Biz buradan bütün İslam hukuku profesörlerine, İslam hukuku alanında kendini geliştirmiş bütün alimlerimize, Diyanet İşleri Başkanlığına, Hukuk fakültesindeki profesörlere ve öğrencilere, anayasa ile ilgilenen herkese sesleniyoruz: Gelin Allah resulünün Medine'ye hicret eder etmez hazırlamış olduğu Medine Vesikasını önümüze koyalım. Peygamberimizden günümüze kadar İslam hukuku ile ilgili yazılmış, çizilmiş bütün alimlerin eserlerini inceleyelim. Bütün ülkelerin anayasalarını inceleyip sentezleyelim. İnsanlığın ortak mirasından ve tecrübelerinden istifade ederek Allah'ın kitabını, Allah resulünün uygulamalarını da göz önünde bulundurarak yepyeni, sivil, özgürlükçü, yeryüzündeki bütün insanların insan onuruna yakışan bir hayatı yaşamasına vesile olacak, İslam ümmetinin hak ve hukukunu, yurtlarını kıyamet gününe kadar savunacak ve müdafaa edecek, muhafaza edecek bir anayasa hazırlayalım. Bu konuda yetkin olan herkesi çalışmaya davet ediyoruz.
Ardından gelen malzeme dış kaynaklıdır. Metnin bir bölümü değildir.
(* Let $m\ge1$ and for $p_1,\dots,p_m\ge0$ let $K_{p_1,\dots,p_m}$ be the complete $m$-partite graph whose vertex set is a disjoint union of parts of sizes $p_1,\dots,p_m$, with two vertices adjacent if and only if they lie in different parts. Then $$\sum_{p_1,\dots,p_m\ge0}\mathrm{sa}(K_{p_1,\dots,p_m})\,\frac{x_1^{p_1}}{p_1!}\cdots\frac{x_m^{p_m}}{p_m!} = \frac{(1-m)+\cosh x_1+\cdots+\cosh x_m}{\cosh(x_1+\cdots+x_m)}.$$
   Context: All graphs are finite, simple and undirected. For a graph $G=(V,E)$ and $V'\subseteq V$, $G|_{V'}$ denotes the induced subgraph on $V'$. The signed a-number $\mathrm{sa}(G)$ is defined recursively: $\mathrm{sa}(G)=1$ if $G$ is the empty graph (no vertices); $\mathrm{sa}(G)=0$ if $G$ has a connected component with an odd number of vertices; otherwise $\mathrm{sa}(G)=-\sum_{V'\subsetneq V}\mathrm{sa}(G|_{V'})$. *)

theory Defs
  imports "HOL-Analysis.Analysis"
begin

text \<open>A finite simple graph is given by a vertex set V and a (symmetric, irreflexive)
adjacency relation E.  The induced subgraph on V' \<subseteq> V is represented by (E, V'):
all notions below only use edges between vertices of the given vertex set.\<close>

definition adj_in :: "('a \<Rightarrow> 'a \<Rightarrow> bool) \<Rightarrow> 'a set \<Rightarrow> 'a \<Rightarrow> 'a \<Rightarrow> bool" where
  "adj_in E V x y \<longleftrightarrow> x \<in> V \<and> y \<in> V \<and> E x y"

definition component :: "('a \<Rightarrow> 'a \<Rightarrow> bool) \<Rightarrow> 'a set \<Rightarrow> 'a \<Rightarrow> 'a set" where
  "component E V v = {u \<in> V. (adj_in E V)\<^sup>*\<^sup>* v u}"

definition has_odd_component :: "('a \<Rightarrow> 'a \<Rightarrow> bool) \<Rightarrow> 'a set \<Rightarrow> bool" where
  "has_odd_component E V \<longleftrightarrow> (\<exists>v\<in>V. odd (card (component E V v)))"

text \<open>Signed a-number; the value on infinite vertex sets is irrelevant (set to 0).\<close>
function sa :: "('a \<Rightarrow> 'a \<Rightarrow> bool) \<Rightarrow> 'a set \<Rightarrow> int" where
  "sa E V = (if \<not> finite V then 0
             else if V = {} then 1
             else if has_odd_component E V then 0
             else - (\<Sum>V'\<in>{V'. V' \<subset> V}. sa E V'))"
  by pat_completeness auto
termination
  by (relation "Wellfounded.measure (\<lambda>(E, V). card V)") (auto intro: psubset_card_mono)

text \<open>Complete m-partite graph K_{p_0,...,p_{m-1}}: vertex (i, j) is the j-th vertex of part i.\<close>
definition multipartite_verts :: "nat \<Rightarrow> (nat \<Rightarrow> nat) \<Rightarrow> (nat \<times> nat) set" where
  "multipartite_verts m p = {(i, j). i < m \<and> j < p i}"

definition multipartite_adj :: "nat \<times> nat \<Rightarrow> nat \<times> nat \<Rightarrow> bool" where
  "multipartite_adj a b \<longleftrightarrow> fst a \<noteq> fst b"

end

theory Submission
  imports Defs "HOL-Library.Function_Algebras"
begin

text \<open>
  If at least two parts of \<open>K\<^sub>r\<close> are nonempty, the graph is connected, so
  \<open>sa(K\<^sub>r) = 0\<close> for odd \<open>|r|\<close>, while for even \<open>|r|\<close> the defining recursion
  applies. Induced subgraphs of \<open>K\<^sub>r\<close> are complete multipartite again, so the recursion
  reads \<open>\<Sum>\<^sub>p\<^sub>\<le>\<^sub>r binom(r,p) sa(K\<^sub>p) = 0\<close>. If at most one part is
  nonempty, \<open>K\<^sub>r\<close> is edgeless and \<open>sa(K\<^sub>r) = 0\<close> unless \<open>r = 0\<close>.
  Since only even \<open>|p|\<close> contribute, multiplying the exponential generating function \<open>A(x)\<close>
  by \<open>cosh(x\<^sub>1 + \<dots> + x\<^sub>m)\<close> therefore leaves exactly the coefficients of
  \<open>1 - m + cosh x\<^sub>1 + \<dots> + cosh x\<^sub>m\<close>.
  The same recursion gives \<open>|sa(K\<^sub>r)| \<le> (2m)\<^bsup>|r|\<^esup> r!\<close>, so all series converge
  absolutely for \<open>|x\<^sub>i| < 1/(2m)\<close>, which justifies the Cauchy product.
\<close>

section \<open>Isomorphism invariance of the signed a-number\<close>

text \<open>Otherwise the simplifier unfolds \<open>sa\<close> again inside its own defining sum.\<close>
declare sa.simps [simp del]

lemma rtranclp_adj_in_image:
  assumes "(adj_in E V)\<^sup>*\<^sup>* v u" "f ` V \<subseteq> W"
    and "\<And>x y. x \<in> V \<Longrightarrow> y \<in> V \<Longrightarrow> E x y \<Longrightarrow> E' (f x) (f y)"
  shows "(adj_in E' W)\<^sup>*\<^sup>* (f v) (f u)"
  using assms(1)
proof (induction rule: rtranclp_induct)
  case (step y z)
  then have "adj_in E' W (f y) (f z)" using assms(2,3) by (auto simp: adj_in_def)
  with step.IH show ?case by (rule rtranclp.rtrancl_into_rtrancl)
qed simp

lemma component_subset: "component E V v \<subseteq> V"
  by (auto simp: component_def)

lemma image_component_subset:
  assumes "f ` V \<subseteq> W" "\<And>x y. x \<in> V \<Longrightarrow> y \<in> V \<Longrightarrow> E x y \<Longrightarrow> E (f x) (f y)"
  shows "f ` component E V v \<subseteq> component E W (f v)"
proof
  fix u assume "u \<in> f ` component E V v"
  then obtain w where "w \<in> V" "(adj_in E V)\<^sup>*\<^sup>* v w" "u = f w"
    by (auto simp: component_def)
  with rtranclp_adj_in_image[where E'=E, OF _ assms] assms(1)
  show "u \<in> component E W (f v)" by (auto simp: component_def)
qed

lemma component_bij_betw:
  assumes f: "bij_betw f V W" and E: "\<And>x y. x \<in> V \<Longrightarrow> y \<in> V \<Longrightarrow> E (f x) (f y) = E x y"
    and "v \<in> V"
  shows "component E W (f v) = f ` component E V v"
proof
  show "f ` component E V v \<subseteq> component E W (f v)"
    using f E by (intro image_component_subset) (auto simp: bij_betw_def)
  let ?g = "inv_into V f"
  have g: "bij_betw ?g W V" using f by (rule bij_betw_inv_into)
  have fg: "f (?g y) = y" if "y \<in> W" for y using f that by (simp add: bij_betw_inv_into_right)
  have "?g ` component E W (f v) \<subseteq> component E V (?g (f v))"
  proof (rule image_component_subset)
    show "?g ` W \<subseteq> V" using g by (simp add: bij_betw_def)
    show "E (?g x) (?g y)" if "x \<in> W" "y \<in> W" "E x y" for x y
      using that E[of "?g x" "?g y"] fg g by (auto simp: bij_betw_def)
  qed
  then have "f ` ?g ` component E W (f v) \<subseteq> f ` component E V v"
    using f \<open>v \<in> V\<close> by (simp add: bij_betw_inv_into_left image_mono)
  moreover have "f ` ?g ` component E W (f v) = component E W (f v)"
    using fg component_subset[of E W] by (force simp: image_image)
  ultimately show "component E W (f v) \<subseteq> f ` component E V v" by simp
qed

lemma has_odd_component_bij_betw:
  assumes f: "bij_betw f V W" and E: "\<And>x y. x \<in> V \<Longrightarrow> y \<in> V \<Longrightarrow> E (f x) (f y) = E x y"
  shows "has_odd_component E W \<longleftrightarrow> has_odd_component E V"
proof -
  have "card (component E W (f v)) = card (component E V v)" if "v \<in> V" for v
  proof -
    have "inj_on f (component E V v)"
      using f component_subset by (metis bij_betw_def inj_on_subset)
    then show ?thesis using component_bij_betw[OF f, of E, OF E that] by (simp add: card_image)
  qed
  moreover have "W = f ` V" using f by (simp add: bij_betw_def)
  ultimately show ?thesis by (auto simp: has_odd_component_def)
qed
Konuyla ilgili bir emek, bir alın teri, gerçekten tüm insanların kabul edeceği bir çaba bekliyoruz; çünkü yeni bir anayasa sadece bizim insanımızın ihtiyacı değil tüm insanlığın ihtiyacıdır.
Bencil, 1. Dünya Savaşı'ndan sonra çizilen sınırlara mahkum bir kafayla bir anayasa hazırlanmasını istemiyoruz. Evrensel düşünen, insanlığın problemlerini dert edinen, Kur'an'ın nuruyla zihnini temizlemiş, Muhammed ümmeti olduğunun bilincinde olan Salih insanların zihin dünyasından bir anayasa çıkmasını istiyoruz.
Allah; insanlığı selamete, emniyete kavuşturacak; her insanın insan onuruna yakışan bir hayatı yaşayacağı bir ortamın oluşmasına vesile olacak anayasayı hazırlayabilmeyi ve bunu icra edebilmeyi bize ihsan eylesin.